How about a punctuation mark for a paraphrase? Ellipsis may be used sometimes but I have always thought a distinct one for the paraphrase might serve one well.
I totally disagree with new punctuation marks.
Some pseudo linguists have tried introducing so called rules for new punctuation in the late 1950s, 1964 and 1967, the 1980s, 1992 and 1998, and again a few times in the 2000s. The last try being in 2015.
Why on earth would we need new punctuation marks when the vast majority of people cannot even use the simple punctuation properly?
Also, each punctuation has it’s own meaning and proper use so if one wants to add a nuance or meaning to a sentence one just needs to use words and not alter the punctuation.
Grammar is common sense and as long as people are unable to learn lexicology and grammar properly they will never be able to use it to its full extent.
Needing to create new punctuation signs only shows
the inability of people to master the already existing signs.
Totally agree!
I’m relieved you agree with me, Janet. When you wrote that you found it “quite a nice idea” I thought you enjoyed that new punctuation system!
I’d feel utterly sad to see new symbols appearing as the ones we already have are so often misused or misunderstood.

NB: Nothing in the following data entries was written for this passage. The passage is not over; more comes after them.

lemma nbhd_scaleR:
  assumes "\<delta> > 0" "x \<in> nbhd n \<delta>" "0 \<le> t" "t \<le> 1"
  shows "t *\<^sub>R x \<in> nbhd n \<delta>"
  unfolding nbhd_def
proof (intro CollectI ballI)
  fix i assume "i \<in> {1..2*n+2}"
  then have "A1 n x i < \<delta>" using assms(2) by (simp add: nbhd_def)
  then show "A1 n (t *\<^sub>R x) i < \<delta>" using A1_scaleR_le[OF assms(3,4), of n x i] assms(1) by linarith
qed

lemma polygon_scaleR:
  assumes "x \<in> polygon n" "0 \<le> t" "t \<le> 1"
  shows "t *\<^sub>R x \<in> polygon n"
  unfolding polygon_def
proof (intro CollectI ballI)
  fix i assume "i \<in> {1..2*n+2}"
  then have "A1 n x i \<le> 0" using assms(1) by (simp add: polygon_def)
  then show "A1 n (t *\<^sub>R x) i \<le> 0" using A1_scaleR_le[OF assms(2,3), of n x i] by linarith
qed

lemma continuous_on_A1 [continuous_intros]: "continuous_on S (\<lambda>x. A1 n x j)"
  unfolding A1_def by (intro continuous_intros)

lemma nbhd_eq_Inter: "nbhd n \<delta> = (\<Inter>j\<in>{1..2*n+2}. {x. A1 n x j < \<delta>})"
  by (auto simp: nbhd_def)

lemma polygon_eq_Inter: "polygon n = (\<Inter>j\<in>{1..2*n+2}. {x. A1 n x j \<le> 0})"
  by (auto simp: polygon_def)

lemma open_nbhd: "open (nbhd n \<delta>)"
  unfolding nbhd_eq_Inter
  by (intro open_INT finite_atLeastAtMost ballI open_Collect_less continuous_intros)

lemma closed_polygon: "closed (polygon n)"
  unfolding polygon_eq_Inter by (intro closed_INT ballI closed_Collect_le continuous_intros)

lemma convex_A1_halfspaces:
  "convex {x. A1 n x j < c}" "convex {x. A1 n x j \<le> c}" "convex {x. c < A1 n x j}"
  "convex {x. A1 n x i \<le> A1 n x j}"
  using convex_halfspace_lt[of "facet_normal n j" "c + 1"] convex_halfspace_le[of "facet_normal n j" "c + 1"]
    convex_halfspace_gt[of "c + 1" "facet_normal n j"]
    convex_halfspace_le[of "facet_normal n i - facet_normal n j" 0]
  by (simp_all add: A1_inner inner_diff_left algebra_simps)

lemma convex_polygon: "convex (polygon n)"
  unfolding polygon_eq_Inter by (intro convex_INT convex_A1_halfspaces)

lemma convex_wedge: "convex (wedge n \<delta> j)"
proof -
  have "wedge n \<delta> j = nbhd n \<delta> \<inter> {x. 0 < A1 n x j} \<inter> {x. A1 n x (cyc_prev n j) \<le> A1 n x j}
      \<inter> {x. A1 n x (cyc_next n j) \<le> A1 n x j}"
    by (auto simp: wedge_def)
  then show ?thesis
    unfolding nbhd_eq_Inter by (simp add: convex_Int convex_INT convex_A1_halfspaces)
qed

lemma polygon_subset_nbhd: "\<delta> > 0 \<Longrightarrow> polygon n \<subseteq> nbhd n \<delta>"
  by (force simp: polygon_def nbhd_def)

lemma zero_in_polygon: "0 \<in> polygon n"
  by (simp add: polygon_def A1_def)

lemma Fnet_polygon: "x \<in> polygon n \<Longrightarrow> Fnet n x = 0"
  unfolding Fnet_def polygon_def by (intro sum.neutral) (auto simp: relu_def)

lemma Fnet_nonpos_if_even_nonpos:
  assumes "\<And>i. i \<in> {1..2*n+2} \<Longrightarrow> even i \<Longrightarrow> A1 n x i \<le> 0"
  shows "Fnet n x \<le> 0"
  unfolding Fnet_def
proof (intro sum_nonpos)
  fix i assume "i \<in> {1..2*n+2}"
  then show "(-1)^i * relu (A1 n x i) \<le> 0"
    using assms[of i] by (cases "even i") (auto simp: relu_def)
qed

As someone who is fascinated by language I think they are a intriguing idea and I would love to learn how to use them. This punctuation system would be perfect for those situations when you have tricky sentences and would enable you to take syntax one step further. But as a teacher I think that people should structure sentences well enough that they need as little punctuation as possible. People need so many commas because their sentences are too long and they have too many clauses. They use too many contractions in formal writing, cannot use apostrophes correctly, and don’t know how a semi-colon works. Swedes tend to overuse exclamation points and underuse apostrophes, for example.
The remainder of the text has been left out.